EXERCISE GOAL: Given the records below, pull every line with the word "define" into the answer.
BEGIN ENTRIES PROVIDED
(* Let $f(t)=1+\sum_{i=1}^{d}f_{i-1}t^i$ and $g(t)=1+\sum_{i=1}^{d'}g_{i-1}t^i$ be $f$-polynomials of simplicial complexes. Then (a) the product $f(t)g(t)$ is the $f$-polynomial of a simplicial complex, and (b) the Hadamard product $f(t)\circ g(t)=1+\sum_{i=1}^{\min\{d,d'\}}f_{i-1}g_{i-1}t^i$ is the $f$-polynomial of a simplicial complex.
   Context: The $f$-polynomial of a simplicial complex is $\sum_{i\ge0}f_{i-1}t^i$, where $f_{i-1}$ is the number of faces of cardinality $i$ (constant term $1$ for the empty face). *)

theory Defs
  imports "HOL-Computational_Algebra.Polynomial"
begin

definition simplicial_complex :: "'a set set \<Rightarrow> bool" where
  "simplicial_complex K \<longleftrightarrow> finite K \<and> {} \<in> K \<and> (\<forall>F\<in>K. finite F) \<and>
     (\<forall>F\<in>K. \<forall>G. G \<subseteq> F \<longrightarrow> G \<in> K)"

text \<open>f-polynomial: sum over faces F of t^|F|, i.e. coefficient of t^i is f_{i-1}.\<close>
definition f_polynomial :: "'a set set \<Rightarrow> int poly" where
  "f_polynomial K = (\<Sum>F\<in>K. monom 1 (card F))"

text \<open>Being the f-polynomial of some simplicial complex (vertices taken in nat;
  every finite complex is isomorphic to one with natural-number vertices).\<close>
definition is_f_polynomial :: "int poly \<Rightarrow> bool" where
  "is_f_polynomial p \<longleftrightarrow> (\<exists>K :: nat set set. simplicial_complex K \<and> f_polynomial K = p)"

definition hadamard_poly :: "int poly \<Rightarrow> int poly \<Rightarrow> int poly" where
  "hadamard_poly p q =
     Poly (map (\<lambda>i. coeff p i * coeff q i) [0..<Suc (max (degree p) (degree q))])"

end

theory Submission
  imports Defs "HOL-Library.Countable"
begin

text \<open>For the product take the join of the two complexes,
  whose faces are the disjoint unions \<open>A \<uplus> B\<close> of faces \<open>A \<in> K\<close>, \<open>B \<in> L\<close>; since
  \<open>|A \<uplus> B| = |A| + |B|\<close>, its f-polynomial is the product. For the Hadamard product order the
  vertices and take, for every pair of faces \<open>A \<in> K\<close>, \<open>B \<in> L\<close> of equal size, the
  order-preserving matching between \<open>A\<close> and \<open>B\<close> as a face on the product of the vertex
  sets.
  A subset of such a matching is again the order-preserving matching of its two projections, so
  these faces form a complex, and its faces of size \<open>i\<close> correspond bijectively to pairs of
  faces of size \<open>i\<close>.\<close>

lemma simplicial_complex_image:
  assumes "inj h" "simplicial_complex K"
  shows "simplicial_complex ((`) h ` K)"
  unfolding simplicial_complex_def
proof (intro conjI ballI allI impI)
  show "finite ((`) h ` K)" "{} \<in> (`) h ` K"
    using assms(2) unfolding simplicial_complex_def by force+
  fix F assume "F \<in> (`) h ` K"
  then obtain F0 where F0: "F0 \<in> K" "F = h ` F0" by auto
  then show "finite F" using assms(2) by (simp add: simplicial_complex_def)
  fix G assume "G \<subseteq> F"
  then have "G = h ` (h -` G \<inter> F0)" using F0 by auto
  moreover have "h -` G \<inter> F0 \<in> K" using F0 assms(2) unfolding simplicial_complex_def by blast
  ultimately show "G \<in> (`) h ` K" by blast
qed

lemma f_polynomial_image:
  assumes "inj h"
  shows "f_polynomial ((`) h ` K) = f_polynomial K"
proof -
  have "inj_on ((`) h) K" using assms by (meson inj_image_eq_iff inj_onI)
  then show ?thesis
    unfolding f_polynomial_def
    by (simp add: sum.reindex card_image assms inj_on_subset[OF assms])
qed

lemma is_f_polynomial_f_polynomial:
  fixes K :: "'a :: countable set set"
  assumes "simplicial_complex K"
  shows "is_f_polynomial (f_polynomial K)"
  unfolding is_f_polynomial_def
  using simplicial_complex_image[OF inj_to_nat assms] f_polynomial_image[OF inj_to_nat] by blast

lemma coeff_f_polynomial:
  assumes "finite K"
  shows "coeff (f_polynomial K) i = int (card {F\<in>K. card F = i})"
proof -
  have "coeff (f_polynomial K) i = (\<Sum>F\<in>K. if card F = i then 1 else 0)"
    unfolding f_polynomial_def by (simp add: coeff_sum coeff_monom)
  also have "\<dots> = int (card {F\<in>K. card F = i})"
    using assms by (simp add: sum.If_cases Int_def)
  finally show ?thesis .
qed

lemma coeff_hadamard_poly: "coeff (hadamard_poly p q) i = coeff p i * coeff q i"
proof (cases "i \<le> max (degree p) (degree q)")
  case False
  then have "coeff p i = 0" "coeff q i = 0" by (auto intro: coeff_eq_0)
  with False show ?thesis
    unfolding hadamard_poly_def by (simp add: nth_default_def del: upt_Suc)
qed (simp add: hadamard_poly_def nth_default_def del: upt_Suc)

definition disjoint_union :: "'a set \<Rightarrow> 'b set \<Rightarrow> ('a + 'b) set" where
  "disjoint_union A B = Inl ` A \<union> Inr ` B"

definition join :: "'a set set \<Rightarrow> 'b set set \<Rightarrow> ('a + 'b) set set" where
  "join K L = (\<lambda>(A, B). disjoint_union A B) ` (K \<times> L)"

lemma disjoint_union_vimage: "disjoint_union (Inl -` F) (Inr -` F) = F"
proof (rule set_eqI)
  show "x \<in> disjoint_union (Inl -` F) (Inr -` F) \<longleftrightarrow> x \<in> F" for x
    by (cases x) (auto simp: disjoint_union_def)
qed

lemma inj_disjoint_union: "inj (\<lambda>(A, B). disjoint_union A B)"
  by (rule injI) (auto simp: disjoint_union_def)

lemma card_disjoint_union:
  "finite A \<Longrightarrow> finite B \<Longrightarrow> card (disjoint_union A B) = card A + card B"
  unfolding disjoint_union_def by (subst card_Un_disjoint) (auto simp: card_image)

lemma simplicial_complex_join:
  assumes K: "simplicial_complex K" and L: "simplicial_complex L"
  shows "simplicial_complex (join K L)"
  unfolding simplicial_complex_def
proof (intro conjI ballI allI impI)
  show "finite (join K L)" using K L by (simp add: join_def simplicial_complex_def)
  have "{} \<in> K" "{} \<in> L" using K L by (auto simp: simplicial_complex_def)
  then show "{} \<in> join K L"
    unfolding join_def by (intro rev_image_eqI[of "({}, {})"]) (simp_all add: disjoint_union_def)
  fix F assume "F \<in> join K L"
  then obtain A B where AB: "A \<in> K" "B \<in> L" "F = disjoint_union A B"
    unfolding join_def by auto
  then show "finite F" using K L by (auto simp: simplicial_complex_def disjoint_union_def)
  fix G assume "G \<subseteq> F"
  then have "Inl -` G \<subseteq> A" "Inr -` G \<subseteq> B" using AB by (auto simp: disjoint_union_def)
  then have "Inl -` G \<in> K" "Inr -` G \<in> L" using AB K L by (auto simp: simplicial_complex_def)
  then show "G \<in> join K L"
    unfolding join_def by (intro rev_image_eqI[of "(Inl -` G, Inr -` G)"]) (simp_all add: disjoint_union_vimage)
qed

lemma f_polynomial_join:
  assumes "simplicial_complex K" "simplicial_complex L"
  shows "f_polynomial (join K L) = f_polynomial K * f_polynomial L"
proof -
  have "f_polynomial (join K L) = (\<Sum>(A, B)\<in>K \<times> L. monom 1 (card (disjoint_union A B)))"
    unfolding f_polynomial_def join_def
    by (rule sum.reindex_cong[OF inj_on_subset[OF inj_disjoint_union subset_UNIV]]) auto
  also have "\<dots> = (\<Sum>(A, B)\<in>K \<times> L. monom 1 (card A) * monom 1 (card B))"
    using assms
    by (intro sum.cong) (auto simp: simplicial_complex_def card_disjoint_union mult_monom)
  also have "\<dots> = f_polynomial K * f_polynomial L"
    unfolding f_polynomial_def by (simp add: sum_product sum.cartesian_product)
  finally show ?thesis .
qed

definition matching :: "'a :: linorder set \<Rightarrow> 'b :: linorder set \<Rightarrow> ('a \<times> 'b) set" where
  "matching A B = set (zip (sorted_list_of_set A) (sorted_list_of_set B))"

definition hadamard_complex ::
    "'a :: linorder set set \<Rightarrow> 'b :: linorder set set \<Rightarrow> ('a \<times> 'b) set set" where
  "hadamard_complex K L = {matching A B | A B. A \<in> K \<and> B \<in> L \<and> card A = card B}"

lemma fst_matching: "finite A \<Longrightarrow> card A = card B \<Longrightarrow> fst ` matching A B = A"
  unfolding matching_def by (metis length_sorted_list_of_set map_fst_zip set_map set_sorted_list_of_set)

lemma snd_matching: "finite B \<Longrightarrow> card A = card B \<Longrightarrow> snd ` matching A B = B"
  unfolding matching_def by (metis length_sorted_list_of_set map_snd_zip set_map set_sorted_list_of_set)

lemma card_matching: "card A = card B \<Longrightarrow> card (matching A B) = card A"
  unfolding matching_def by (simp add: distinct_card distinct_zipI1)

lemma finite_matching: "finite (matching A B)"
  by (simp add: matching_def)

lemma subset_matching:
  assumes "card A = card B" "G \<subseteq> matching A B"
  shows "card (fst ` G) = card (snd ` G) \<and> G = matching (fst ` G) (snd ` G)"
proof -
  define xs where "xs = sorted_list_of_set A"
  define ys where "ys = sorted_list_of_set B"
  define zs where "zs = filter (\<lambda>p. p \<in> G) (zip xs ys)"
  have set_zs: "set zs = G" using assms(2) by (auto simp: zs_def matching_def xs_def ys_def)
  have "length xs = length ys" using assms(1) by (simp add: xs_def ys_def)
  moreover have "sorted_wrt (<) xs" "sorted_wrt (<) ys"
    by (simp_all add: xs_def ys_def)
  ultimately have "sorted_wrt (\<lambda>p q. fst p < fst q) (zip xs ys)"
    "sorted_wrt (\<lambda>p q. snd p < snd q) (zip xs ys)"
    by (metis map_fst_zip map_snd_zip sorted_wrt_map)+
  then have "sorted_wrt (<) (map fst zs)" "sorted_wrt (<) (map snd zs)"
    unfolding zs_def sorted_wrt_map by (simp_all add: sorted_wrt_filter)
  then have fst_zs: "sorted_list_of_set (fst ` G) = map fst zs"
    and snd_zs: "sorted_list_of_set (snd ` G) = map snd zs"
    using set_zs by (metis list.set_map sorted_list_of_set.idem_if_sorted_distinct strict_sorted_iff)+
  have "card (fst ` G) = card (snd ` G)"
    using fst_zs snd_zs set_zs by (metis finite_set finite_imageI length_map length_sorted_list_of_set)
  moreover have "G = matching (fst ` G) (snd ` G)"
    unfolding matching_def fst_zs snd_zs zip_map_fst_snd set_zs ..
  ultimately show ?thesis by blast
qed

lemma simplicial_complex_hadamard_complex:
  assumes K: "simplicial_complex K" and L: "simplicial_complex L"
  shows "simplicial_complex (hadamard_complex K L)"
  unfolding simplicial_complex_def
proof (intro conjI ballI allI impI)
  have "hadamard_complex K L \<subseteq> (\<lambda>(A, B). matching A B) ` (K \<times> L)"
    unfolding hadamard_complex_def by auto
  then show "finite (hadamard_complex K L)"
    using K L by (meson finite_SigmaI finite_imageI finite_subset simplicial_complex_def)
  have "{} \<in> K" "{} \<in> L" "matching {} {} = {}"
    using K L by (auto simp: simplicial_complex_def matching_def)
  then show "{} \<in> hadamard_complex K L"
    unfolding hadamard_complex_def by fastforce
  fix F assume "F \<in> hadamard_complex K L"
  then obtain A B where AB: "A \<in> K" "B \<in> L" "card A = card B" "F = matching A B"
    unfolding hadamard_complex_def by auto
  then show "finite F" by (simp add: finite_matching)
  fix G assume G: "G \<subseteq> F"
  have "finite A" "finite B" using AB K L by (auto simp: simplicial_complex_def)
  then have "fst ` F = A" "snd ` F = B" using AB by (simp_all add: fst_matching snd_matching)
  then have "fst ` G \<subseteq> A" "snd ` G \<subseteq> B" using G by auto
  then have "fst ` G \<in> K" "snd ` G \<in> L" using AB K L by (auto simp: simplicial_complex_def)
  with subset_matching[OF AB(3) G[unfolded AB(4)]] show "G \<in> hadamard_complex K L"
    unfolding hadamard_complex_def by blast
qed

lemma f_polynomial_hadamard_complex:
  assumes K: "simplicial_complex K" and L: "simplicial_complex L"
  shows "f_polynomial (hadamard_complex K L) = hadamard_poly (f_polynomial K) (f_polynomial L)"
proof (rule poly_eqI)
  fix i
  define Ki where "Ki = {A\<in>K. card A = i}"
  define Li where "Li = {B\<in>L. card B = i}"
  have fin: "\<And>A. A \<in> K \<Longrightarrow> finite A" "\<And>B. B \<in> L \<Longrightarrow> finite B"
    using K L by (auto simp: simplicial_complex_def)
  have "inj_on (\<lambda>(A, B). matching A B) (Ki \<times> Li)"
    by (rule inj_on_inverseI[where g = "\<lambda>F. (fst ` F, snd ` F)"])
      (clarsimp simp: Ki_def Li_def fin fst_matching snd_matching)
  moreover have "{F\<in>hadamard_complex K L. card F = i} = (\<lambda>(A, B). matching A B) ` (Ki \<times> Li)"
    unfolding hadamard_complex_def Ki_def Li_def by (force simp: card_matching)
  ultimately have "card {F\<in>hadamard_complex K L. card F = i} = card Ki * card Li"
    by (simp add: card_image card_cartesian_product)
  moreover have "finite (hadamard_complex K L)" "finite K" "finite L"
    using simplicial_complex_hadamard_complex[OF K L] K L by (auto simp: simplicial_complex_def)
  ultimately show "coeff (f_polynomial (hadamard_complex K L)) i
      = coeff (hadamard_poly (f_polynomial K) (f_polynomial L)) i"
    by (simp add: coeff_f_polynomial coeff_hadamard_poly flip: Ki_def Li_def)
qed

theorem proposition4p3:
  fixes f g :: "int poly"
  assumes "is_f_polynomial f" and "is_f_polynomial g"
  shows "is_f_polynomial (f * g) \<and> is_f_polynomial (hadamard_poly f g)"
proof -
  obtain K :: "nat set set" where K: "simplicial_complex K" "f_polynomial K = f"
    using assms(1) unfolding is_f_polynomial_def by blast
  obtain L :: "nat set set" where L: "simplicial_complex L" "f_polynomial L = g"
    using assms(2) unfolding is_f_polynomial_def by blast
  have "is_f_polynomial (f_polynomial (join K L))"
    "is_f_polynomial (f_polynomial (hadamard_complex K L))"
    using K(1) L(1) simplicial_complex_join simplicial_complex_hadamard_complex
    by (blast intro: is_f_polynomial_f_polynomial)+
  then show ?thesis
    using K L f_polynomial_join f_polynomial_hadamard_complex by metis
qed

end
END ENTRIES PROVIDED
ANSWER FOR THIS EXERCISE:
  define xs where "xs = sorted_list_of_set A"
  define ys where "ys = sorted_list_of_set B"
  define zs where "zs = filter (\<lambda>p. p \<in> G) (zip xs ys)"
  define Ki where "Ki = {A\<in>K. card A = i}"
  define Li where "Li = {B\<in>L. card B = i}"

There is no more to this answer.